Abstract
Although bats are increasingly being recognized as natural reservoir hosts of emerging zoonotic viruses, little is known about how they control and clear virus infection in the absence of clinical disease. Here, we test >50 convalescent sera from Egyptian rousette bats (ERBs) experimentally primed or prime-boosted with Marburg virus, Ebola virus, or Sosuga virus for the presence of virus-specific neutralizing antibodies, using infectious reporter viruses. After serum neutralization testing, we conclude that antibody-mediated virus neutralization does not contribute significantly to the control and clearance of Marburg virus, Ebola virus, or Sosuga virus infection in ERBs.
Keywords: Neutralization, Marburg virus, Ebola virus, Sosuga virus, bats
The order Mononegavirales is the taxonomic home of numerous zoonotic viruses, including filoviruses and paramyxoviruses. The Egyptian rousette bat (ERB; Rousettus aegyptiacus) is a natural reservoir host of Marburg virus (MARV; family Filoviridae, genus Marburgvirus) [1], a putative natural reservoir host of Sosuga virus (SOSV; family Paramyxoviridae, unclassified rubulavirus-like virus) [2], and a dead-end host of Ebola virus (EBOV; family Filoviridae, genus Ebolavirus) [3, 4]. Although ERBs infected with any one of these viruses exhibit no signs of clinical illness, humans often develop severe disease after infection.

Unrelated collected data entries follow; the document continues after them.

section \<open>Density\<close>

text \<open>Putting the \<open>k\<close>-th 1 after position \<open>n\<close> at a position of parity \<open>e k\<close> makes \<open>rho\<close>
  output the digit \<open>e k\<close> there.\<close>
primrec one_positions :: "(nat \<Rightarrow> bool) \<Rightarrow> nat \<Rightarrow> nat \<Rightarrow> nat" where
  "one_positions e n 0 = n + (if odd n = e 0 then 0 else 1)"
| "one_positions e n (Suc k) = one_positions e n k + (if e (Suc k) = e k then 2 else 1)"

lemma odd_one_positions: "odd (one_positions e n k) = e k"
  by (induction k) auto

lemma one_positions_ge: "n \<le> one_positions e n k"
  by (induction k) auto

lemma one_positions_not_less: "\<not> one_positions e n k < n"
  using one_positions_ge by (simp add: not_less)

lemma strict_mono_one_positions: "strict_mono (one_positions e n)"
  by (rule strict_mono_Suc_iff[THEN iffD2]) auto

lemma one_positions_periodic:
  assumes per: "periodic_from e N p" and "N \<le> k"
  shows "one_positions e n (k + p) = one_positions e n k + (one_positions e n (N + p) - one_positions e n N)"
  using assms(2)
proof (induction k rule: dec_induct)
  case base
  show ?case using strict_mono_one_positions[of e n] by (simp add: strict_mono_less_eq)
next
  case (step k)
  have "\<forall>i\<ge>N. e (i + p) = e i" using per by (simp add: periodic_from_def)
  hence "e (Suc k + p) = e (Suc k)" "e (k + p) = e k" using step.hyps(1) le_SucI by blast+
  thus ?case using step.IH by simp
qed

definition rho_lift :: "nat \<Rightarrow> (nat \<Rightarrow> bool) \<Rightarrow> (nat \<Rightarrow> bool) \<Rightarrow> nat \<Rightarrow> bool" where
  "rho_lift n u e i \<longleftrightarrow> (if i < n then u i else i \<in> range (one_positions e n))"

lemma infinite_rho_lift: "infinite {i. rho_lift n u e i}"
proof -
  have "range (one_positions e n) \<subseteq> {i. rho_lift n u e i}"
    using one_positions_not_less[of e n] by (auto simp: rho_lift_def)
  thus ?thesis
    using range_inj_infinite[OF strict_mono_imp_inj_on[OF strict_mono_one_positions]] finite_subset
    by blast
qed

lemma ones_below_rho_lift: "ones_below (rho_lift n u e) (one_positions e n j) = ones_below u n + j"
proof -
  let ?pos = "one_positions e n"
  have "{i. i < ?pos j \<and> rho_lift n u e i} = {i. i < n \<and> u i} \<union> ?pos ` {..<j}"
    using one_positions_ge[of n e] one_positions_not_less[of e n] strict_mono_one_positions[of e n]
    by (auto simp: rho_lift_def strict_mono_less intro: less_le_trans)
  moreover have "{i. i < n \<and> u i} \<inter> ?pos ` {..<j} = {}"
    using one_positions_ge[of n e] by (auto simp: not_less[symmetric])
  moreover have "card (?pos ` {..<j}) = j"
    using strict_mono_imp_inj_on[OF strict_mono_one_positions] by (simp add: card_image inj_on_subset)
  ultimately show ?thesis by (simp add: ones_below_def card_Un_disjoint)
qed

lemma rho_rho_lift_suffix: "rho (rho_lift n u e) (ones_below u n + j) = e j"
proof -
  have "rho_lift n u e (one_positions e n j)"
    using one_positions_ge[of n e j] by (auto simp: rho_lift_def)
  hence "enumerate {i. rho_lift n u e i} (ones_below u n + j) = one_positions e n j"
    using enumerate_ones_below[OF infinite_rho_lift] ones_below_rho_lift by metis
  thus ?thesis by (simp add: rho_def odd_one_positions)
qed

lemma rho_prefix_eq:
  assumes inf: "infinite {i. b i}" "infinite {i. c i}" and agree: "\<forall>i<n. b i = c i"
    and k: "k < ones_below b n"
  shows "rho b k = rho c k"
proof -
  define s where "s = enumerate {i. b i} k"
  have s: "b s" "ones_below b s = k"
    using enumerate_in_set[OF inf(1)] ones_below_enumerate[OF inf(1)] by (simp_all add: s_def)
  have "s < n"
  proof (rule ccontr)
    assume "\<not> s < n"
    hence "ones_below b n \<le> ones_below b s" by (intro ones_below_mono) simp
    thus False using k s by simp
  qed
  hence "c s" "ones_below c s = k"
    using agree s by (auto simp: ones_below_def intro!: arg_cong[where f = card])
  hence "enumerate {i. c i} k = s" using enumerate_ones_below[OF inf(2)] by metis
  thus ?thesis by (simp add: rho_def s_def)
qed

lemma rho_lift_prefix:
  assumes "infinite {i. u i}" "k < ones_below u n"
  shows "rho (rho_lift n u e) k = rho u k"
proof -
  have agree: "\<forall>i<n. rho_lift n u e i = u i" by (simp add: rho_lift_def)
  hence "ones_below (rho_lift n u e) n = ones_below u n"
    by (auto simp: ones_below_def intro!: arg_cong[where f = card])
  thus ?thesis using rho_prefix_eq[OF infinite_rho_lift assms(1) agree] assms(2) by simp
qed

lemma periodic_from_rho_lift:
  assumes per: "periodic_from e N p"
  shows "\<exists>D. periodic_from (rho_lift n u e) (one_positions e n N) D"
proof
  let ?pos = "one_positions e n"
  define D where "D = ?pos (N + p) - ?pos N"
  have mono: "strict_mono ?pos" by (rule strict_mono_one_positions)
  have shift: "?pos (k + p) = ?pos k + D" if "N \<le> k" for k
    unfolding D_def by (rule one_positions_periodic[OF per that])
  have "0 < D" using mono per by (simp add: D_def strict_mono_less periodic_from_def)
  have "i + D \<in> range ?pos \<longleftrightarrow> i \<in> range ?pos" if "?pos N \<le> i" for i
  proof
    assume "i + D \<in> range ?pos"
    then obtain k where k: "?pos k = i + D" by auto
    hence "?pos (N + p) \<le> ?pos k" using that shift[of N] by simp
    hence "N + p \<le> k" using mono by (simp add: strict_mono_less_eq)
    hence "?pos (k - p) = i" using k shift[of "k - p"] by simp
    thus "i \<in> range ?pos" by (metis rangeI)
  next
    assume "i \<in> range ?pos"
    then obtain k where k: "?pos k = i" by auto
    hence "N \<le> k" using that mono by (metis strict_mono_less_eq)
    thus "i + D \<in> range ?pos" using shift k by (metis rangeI)
  qed
  moreover have "n \<le> ?pos N" by (rule one_positions_ge)
  ultimately show "periodic_from (rho_lift n u e) (?pos N) D"
    using \<open>0 < D\<close> by (auto simp: periodic_from_def rho_lift_def)
qed

lemma R_preimage_with_prefix:
  assumes u: "infinite {i. u i}" and y: "y \<in> QQ" "0 < y"
    and agree: "\<forall>k < ones_below u n. beta y k = rho u k"
  shows "\<exists>x\<in>QQ. 0 < x \<and> (\<forall>i<n. beta x i = u i) \<and> R x = y"
proof -
  define m where "m = ones_below u n"
  define e where "e = shift_word m (beta y)"
  define b where "b = rho_lift n u e"
  have y': "y \<in> \<rat>" "y \<le> 1" using y(1) by (auto simp: QQ_def)
  obtain N p where "periodic_from (beta y) N p" using periodic_from_beta_Rats[OF y' (1) y(2) y'(2)] by blast
  hence "periodic_from e (N - m) p"
    unfolding periodic_from_def e_def shift_word_apply by (metis add.commute add.left_commute le_diff_conv)
  then obtain D N' where per: "periodic_from b N' D" using periodic_from_rho_lift b_def by blast
  have "rho b = beta y"
  proof
    fix k show "rho b k = beta y k"
    proof (cases "k < m")
      case True
      thus ?thesis using rho_lift_prefix[OF u] agree by (simp add: b_def m_def)
    next
      case False
      then obtain j where "k = m + j" using le_Suc_ex not_less by blast
      thus ?thesis using rho_rho_lift_suffix by (simp add: b_def e_def m_def add.commute)
    qed
  qed
  define x where "x = bin_val b"
  have inf: "infinite {i. b i}" by (simp add: b_def infinite_rho_lift)
  hence beta_x: "beta x = b" by (simp add: x_def beta_eqI)
  have "0 < x" using not_finite_existsD[OF inf] bin_val_pos by (auto simp: x_def)
  moreover have "x \<in> QQ"
    using bin_val_periodic_Rats[OF per] bin_val_nonneg bin_val_le_1 by (simp add: QQ_def x_def)
  moreover have "R x = y"
    using \<open>0 < x\<close> \<open>rho b = beta y\<close> bin_val_beta[OF y(2) y'(2)] by (simp add: R_def beta_x)
  moreover have "\<forall>i<n. beta x i = u i" by (simp add: beta_x b_def rho_lift_def)
  ultimately show ?thesis by blast
qed

text \<open>The prefix \<open>u\<close> of length \<open>n\<close> is obtained by \<open>R_preimage_with_prefix\<close> from the prefix of
  length \<open>ones_below u n\<close> that \<open>rho\<close> makes of it; that prefix is shorter, or equally long but
  starting with 0 where \<open>u\<close> consists of 1's only.\<close>
lemma QQ_orbit_prefix:
  assumes base: "z \<in> QQ" "0 < z" "C \<subseteq> orbit z"
  shows "\<exists>x\<in>QQ. 0 < x \<and> (\<forall>i<n. beta x i = u i) \<and> C \<subseteq> orbit x"
proof (induction "2 * n + (if \<forall>i<n. u i then 1 else 0)" arbitrary: n u rule: less_induct)
  case less
  show ?case
  proof (cases "n = 0")
    case True
    thus ?thesis using base by auto
  next
    case False
    define u' where "u' = (\<lambda>i. if i < n then u i else True)"
    define m where "m = ones_below u' n"
    have inf: "infinite {i. u' i}"
      using infinite_Ici[of n] by (rule infinite_super[rotated]) (auto simp: u'_def)
    have dec: "2 * m + (if \<forall>i<m. rho u' i then 1 else 0) < 2 * n + (if \<forall>i<n. u i then 1 else 0)"
    proof (cases "\<forall>i<n. u i")
      case True
      hence "u' = (\<lambda>_. True)" by (auto simp: u'_def)
      hence "m = n" "\<not> rho u' 0"
        by (simp_all add: m_def ones_below_def rho_def enumerate_UNIV_nat)
      thus ?thesis using True False by auto
    next
      case False
      then obtain i where "i < n" "\<not> u' i" by (auto simp: u'_def)
      hence "m < n" using ones_below_less by (simp add: m_def)
      thus ?thesis using False by simp
    qed
    obtain y where y: "y \<in> QQ" "0 < y" "\<forall>k<m. beta y k = rho u' k" "C \<subseteq> orbit y"
      using less[OF dec] by blast
    obtain x where "x \<in> QQ" "0 < x" "\<forall>i<n. beta x i = u' i" "R x = y"
      using R_preimage_with_prefix[OF inf y(1,2)] y(3) by (auto simp: m_def)
    thus ?thesis using y(4) orbit_R_subset[of x] by (auto simp: u'_def)
  qed
qed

Shortly following experimental inoculation of ERBs with MARV [5–7] or SOSV (authors’ unpublished data), the bats develop viremia and exhibit high viral loads in multiple tissue specimens, oral swab specimens, rectal swab specimens, and urine specimens. In contrast, ERBs experimentally infected with EBOV exhibit low viral loads in a limited number of tissue specimens and fail to develop viremia or detectable viral shedding [3, 4]. Despite these differences in viral infection dynamics, bats infected with any one of these viruses develop virus-specific immunoglobulin G (IgG) antibody levels that begin to rise around 10 days after infection and peak between 14 and 28 days after infection [3, 5–7]. For MARV [5–7] and SOSV, the end of viral shedding typically coincides with peak virus-specific IgG antibody levels.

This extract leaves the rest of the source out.